# What is your favorite Dovetail jig



## WillemJM (Aug 18, 2011)

Jig is in my future, build mostly furniture, drawers, chests etc., for dovetailing.

What is your preference?


----------



## firemedic (Dec 26, 2010)

A tri-square, marking knife, hand saw, fret saw, chisels and my two hands are by far my fav jig!

~tom ...it's better to remain silent and be thought a fool than to open one's mouth and remove all doubt...


----------



## Wrangler02 (Apr 15, 2011)

firemedic said:


> A tri-square, marking knife, hand saw, fret saw, chisels and my two hands are by far my fav jig!
> 
> ~tom  ...it's better to remain silent and be thought a fool than to open one's mouth and remove all doubt...


+1

I have a 1960's Sears Dove Tail Jig and a router from the same era.
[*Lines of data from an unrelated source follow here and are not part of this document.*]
lemma eigenvalue_norm_le_1_if_herm_psd:
  fixes P T S :: "real mat"
  assumes sym: "sym_mat n P" and pd: "pos_def_mat n P" and anti: "antisym_mat n T"
    and psd: "herm_psd_mat n (plus_i_mat P T)"
    and S: "S \<in> carrier_mat n n" and SP: "S * P = T"
    and eig: "eigenvalue (cmat S) \<mu>"
  shows "cmod \<mu> \<le> 1"
proof -
  have P: "P \<in> carrier_mat n n" and T: "T \<in> carrier_mat n n"
    using sym anti unfolding sym_mat_def antisym_mat_def by auto
  have "P * S\<^sup>T = (S * P)\<^sup>T" using P S sym by (simp add: transpose_mult sym_mat_def)
  then have PSt: "P * S\<^sup>T = - T" using SP anti unfolding antisym_mat_def by simp
  have "eigenvalue (cmat S\<^sup>T) \<mu>"
    using eig eigenvalue_transpose_iff[of "cmat S" n] S by (simp add: map_mat_transpose)
  then obtain u where u: "u \<in> carrier_vec n" and nz: "u \<noteq> 0\<^sub>v n" and eigen: "cmat S\<^sup>T *\<^sub>v u = \<mu> \<cdot>\<^sub>v u"
    unfolding eigenvalue_def eigenvector_def using S by auto
  have "Re \<mu> = 0 \<and> Im \<mu> \<ge> -1"
    using pencil_eigenvalue_bound[OF sym pd T psd u nz]
      pencil_of_transpose_eigenvector[OF P S T PSt u eigen] by blast
  moreover have "cmat S\<^sup>T *\<^sub>v conjugate u = cnj \<mu> \<cdot>\<^sub>v conjugate u"
    using cmat_mult_vec_conjugate[of "S\<^sup>T" n n u] S u unfolding eigen
    by (intro eq_vecI) auto
  then have "Re (cnj \<mu>) = 0 \<and> Im (cnj \<mu>) \<ge> -1"
    using pencil_eigenvalue_bound[OF sym pd T psd carrier_vec_conjugate[OF u]]
      pencil_of_transpose_eigenvector[OF P S T PSt carrier_vec_conjugate[OF u]] nz u
    by (metis conjugate_zero_iff_vec)
  ultimately show ?thesis by (simp add: cmod_def abs_le_iff)
qed

lemma J_mat_mult_vec_index:
  assumes m: "m = 2 * h" and w: "w \<in> carrier_vec m" and k: "k < m"
  shows "(cmat (J_mat m) *\<^sub>v w) $ k = (if k < h then w $ (k + h) else - w $ (k - h))"
proof -
  have J: "J_mat m \<in> carrier_mat m m" unfolding J_mat_def by auto
  have "(cmat (J_mat m) *\<^sub>v w) $ k = (\<Sum>j<m. of_real (J_mat m $$ (k, j)) * w $ j)"
    by (rule cmat_mult_vec_index[OF J w k])
  also have "\<dots> = (\<Sum>j<m. if j = (if k < h then k + h else k - h) then
                      (if k < h then w $ j else - w $ j) else 0)"
    using k m by (intro sum.cong refl) (auto simp: J_mat_def)
  also have "\<dots> = (if k < h then w $ (k + h) else - w $ (k - h))"
    using k m by (auto simp: sum.delta)
  finally show ?thesis .
qed

lemma J_mat_herm_inner_bound:
  assumes m: "even m" and w: "w \<in> carrier_vec m"
  shows "cmod (herm_inner w (cmat (J_mat m) *\<^sub>v w)) \<le> cmod (herm_inner w w)"
proof -
  obtain h where m: "m = 2 * h" using \<open>even m\<close> by auto
  define \<sigma> where "\<sigma> k = (if k < h then k + h else k - h)" for k
  have norm_Jw: "cmod ((cmat (J_mat m) *\<^sub>v w) $ k) = cmod (w $ \<sigma> k)" if "k < m" for k
    unfolding J_mat_mult_vec_index[OF m w that] \<sigma>_def by auto
  have "bij_betw \<sigma> {..<m} {..<m}"
    by (rule bij_betw_byWitness[where f' = \<sigma>]) (auto simp: \<sigma>_def m)
  then have reindex: "(\<Sum>k<m. (cmod (w $ \<sigma> k))\<^sup>2) = (\<Sum>k<m. (cmod (w $ k))\<^sup>2)"
    using sum.reindex_bij_betw[of \<sigma> "{..<m}" "{..<m}" "\<lambda>k. (cmod (w $ k))\<^sup>2"] by simp
  have "cmod (herm_inner w (cmat (J_mat m) *\<^sub>v w))
      \<le> (\<Sum>k<m. cmod (cnj (w $ k) * (cmat (J_mat m) *\<^sub>v w) $ k))"
    unfolding herm_inner_def using w by (simp add: norm_sum)
  also have "\<dots> = (\<Sum>k<m. cmod (w $ k) * cmod (w $ \<sigma> k))"
    by (intro sum.cong refl) (simp add: norm_mult norm_Jw)
  also have "\<dots> \<le> (\<Sum>k<m. ((cmod (w $ k))\<^sup>2 + (cmod (w $ \<sigma> k))\<^sup>2) / 2)"
  proof (intro sum_mono)
    fix k
    have "0 \<le> (cmod (w $ k) - cmod (w $ \<sigma> k))\<^sup>2" by simp
    then show "cmod (w $ k) * cmod (w $ \<sigma> k) \<le> ((cmod (w $ k))\<^sup>2 + (cmod (w $ \<sigma> k))\<^sup>2) / 2"
      by (simp add: power2_diff)
  qed
  also have "\<dots> = (\<Sum>k<m. (cmod (w $ k))\<^sup>2)"
    unfolding sum_divide_distrib[symmetric] sum.distrib reindex by simp
  also have "\<dots> = cmod (herm_inner w w)"
    unfolding herm_inner_self norm_of_real using w by (simp add: abs_of_nonneg sum_nonneg)
  finally show ?thesis .
qed

lemma eigenvalue_J_compression_norm_le_1:
  fixes D :: "real mat"
  assumes D: "D \<in> carrier_mat p m" and DDt: "D * D\<^sup>T = 1\<^sub>m p" and m: "even m"
    and eig: "eigenvalue (cmat (D * J_mat m * D\<^sup>T)) \<mu>"
  shows "cmod \<mu> \<le> 1"
proof -
  have J: "J_mat m \<in> carrier_mat m m" unfolding J_mat_def by auto
  have Dt: "D\<^sup>T \<in> carrier_mat m p" using D by auto
  from eig obtain v where v: "v \<in> carrier_vec p" and nz: "v \<noteq> 0\<^sub>v p"
    and eigen: "cmat (D * J_mat m * D\<^sup>T) *\<^sub>v v = \<mu> \<cdot>\<^sub>v v"
    unfolding eigenvalue_def eigenvector_def using D by auto
  define w where "w = cmat D\<^sup>T *\<^sub>v v"
  have w: "w \<in> carrier_vec m" unfolding w_def using Dt v by auto
  have Jw: "cmat (J_mat m) *\<^sub>v w \<in> carrier_vec m" using J w by auto
  have "cmat (D * J_mat m * D\<^sup>T) = cmat D * (cmat (J_mat m) * cmat D\<^sup>T)"
    using D J Dt by (simp add: of_real_hom.mat_hom_mult[of _ p m _ p] of_real_hom.mat_hom_mult[of _ m m _ p]
      of_real_hom.mat_hom_mult[of _ p m _ m] assoc_mult_mat[of D p m "J_mat m" m])
  then have DJDt_v: "cmat (D * J_mat m * D\<^sup>T) *\<^sub>v v = cmat D *\<^sub>v (cmat (J_mat m) *\<^sub>v w)"
    unfolding w_def using D J Dt v by (simp add: assoc_mult_mat_vec[of _ p m _ p])
  have "cmat D *\<^sub>v w = cmat (D * D\<^sup>T) *\<^sub>v v"
    unfolding w_def using D Dt v by (simp add: of_real_hom.mat_hom_mult assoc_mult_mat_vec)
  then have D_w: "cmat D *\<^sub>v w = v" unfolding DDt of_real_hom.mat_hom_one using v by simp
  have "herm_inner v v = herm_inner v (cmat D *\<^sub>v w)" unfolding D_w ..
  also have "\<dots> = herm_inner w w" unfolding herm_inner_cmat_adjoint[OF D v w] w_def[symmetric] ..
  finally have "herm_inner w w = herm_inner v v" ..
  moreover have "\<mu> * herm_inner v v = herm_inner w (cmat (J_mat m) *\<^sub>v w)"
    using herm_inner_smult_right[of v v \<mu>] herm_inner_cmat_adjoint[OF D v Jw]
    unfolding eigen[symmetric] DJDt_v w_def by simp
  ultimately have "cmod \<mu> * cmod (herm_inner v v) \<le> cmod (herm_inner v v)"
    using J_mat_herm_inner_bound[OF m w] by (metis norm_mult)
  moreover have "cmod (herm_inner v v) > 0" using herm_inner_self_nonzero[of v] nz v by auto
  ultimately show ?thesis by simp
qed


theorem mainTheorem8:
  fixes q m1 m2 p :: nat
    and P22 Q22 Theta2 Xi D N S :: "real mat"
  assumes "even q" and "even m1" and "even m2"
    and "sym_mat q P22" and "pos_def_mat q P22"
    and "sym_mat q Q22" and "pos_def_mat q Q22"
    and "antisym_mat q Theta2" and "invertible_mat Theta2"
    and "herm_psd_mat q (plus_i_mat P22 Theta2)"
    and "antisym_mat q Xi"
    and "N \<in> carrier_mat q q" and "Q22 * N = Xi"
    and "S \<in> carrier_mat q q" and "S * P22 = Theta2"
    and "D \<in> carrier_mat p m1" and "D * D\<^sup>T = 1\<^sub>m p"
    and "spectral_radius (map_mat complex_of_real N) < 1"
  shows "bij_betw (\<lambda>X. X - N * X * S) (carrier_mat q q) (carrier_mat q q) \<and>
         bij_betw (\<lambda>X. X - N * X * J_mat m2) (carrier_mat q m2) (carrier_mat q m2) \<and>
         bij_betw (\<lambda>X. X - N * X * (D * J_mat m1 * D\<^sup>T)) (carrier_mat q p) (carrier_mat q p)"
  \<comment> \<open>Only \<open>\<rho>(N) < 1\<close> matters about \<open>N\<close>.\<close>
proof (intro conjI)
  note N = assms(12) and sr = assms(18)
  have J: "J_mat m \<in> carrier_mat m m" for m unfolding J_mat_def by auto
  show "bij_betw (\<lambda>X. X - N * X * S) (carrier_mat q q) (carrier_mat q q)"
    using real_stein_bij[OF N assms(14) sr]
      eigenvalue_norm_le_1_if_herm_psd[OF assms(4,5,8,10,14,15)] by blast
  have "1\<^sub>m m2 * (1\<^sub>m m2)\<^sup>T = (1\<^sub>m m2 :: real mat)" by simp
  moreover have "1\<^sub>m m2 * J_mat m2 * (1\<^sub>m m2)\<^sup>T = J_mat m2" using J[of m2] by simp
  ultimately show "bij_betw (\<lambda>X. X - N * X * J_mat m2) (carrier_mat q m2) (carrier_mat q m2)"
    using real_stein_bij[OF N J sr]
      eigenvalue_J_compression_norm_le_1[OF one_carrier_mat _ assms(3)] by metis
  have "D * J_mat m1 * D\<^sup>T \<in> carrier_mat p p" using assms(16) J by auto
  then show "bij_betw (\<lambda>X. X - N * X * (D * J_mat m1 * D\<^sup>T)) (carrier_mat q p) (carrier_mat q p)"
    using real_stein_bij[OF N _ sr] eigenvalue_J_compression_norm_le_1[OF assms(16,17,2)] by blast
qed

end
I was going to use it to make the 8 drawers for the Vanity I was building for our bathroom. I could not find my bushings so I cut the dovetails by hand. My Son-in-law has told everyone about the only Vanity he has seen with hand chopped dovetailed drawers.


----------



## Brink (Nov 22, 2010)

Veritas marking gauges, and saw guide. After a while, I stopped using the guide.


----------



## jlord (Feb 1, 2010)

I have a PC & it works great.


----------



## Kenbo (Sep 16, 2008)

I have a Leigh D4R Pro and absolutely love it. Easy set up. Quick adjustability. Repeatable results. Sturdy. Versatile for different operations. Love it.


----------



## dbhost (Jan 28, 2008)

Dovetail jig of my dreams? PC Omnijig... What is actually in my shop? MLCS Pins & Tails template / jig set... It works pretty well, just a pain to set up...


----------



## thegrgyle (Jan 11, 2011)

Which dovetail jig is my dream jig? The Leigh D4R pro..... you can work wonders with it like this http://www.woodworkingtalk.com/f13/i-had-no-choice-24152/

Which do I have and can afford now? The rockler, because I got it brand new on ebay for $50.

I have been recently inspired (by this website) to try my hand at more hand cut joints though.

Fabian


----------



## Dak (Mar 9, 2011)

Depends on how much you want to spend. I just got the PC 4212, works great and very well built.


----------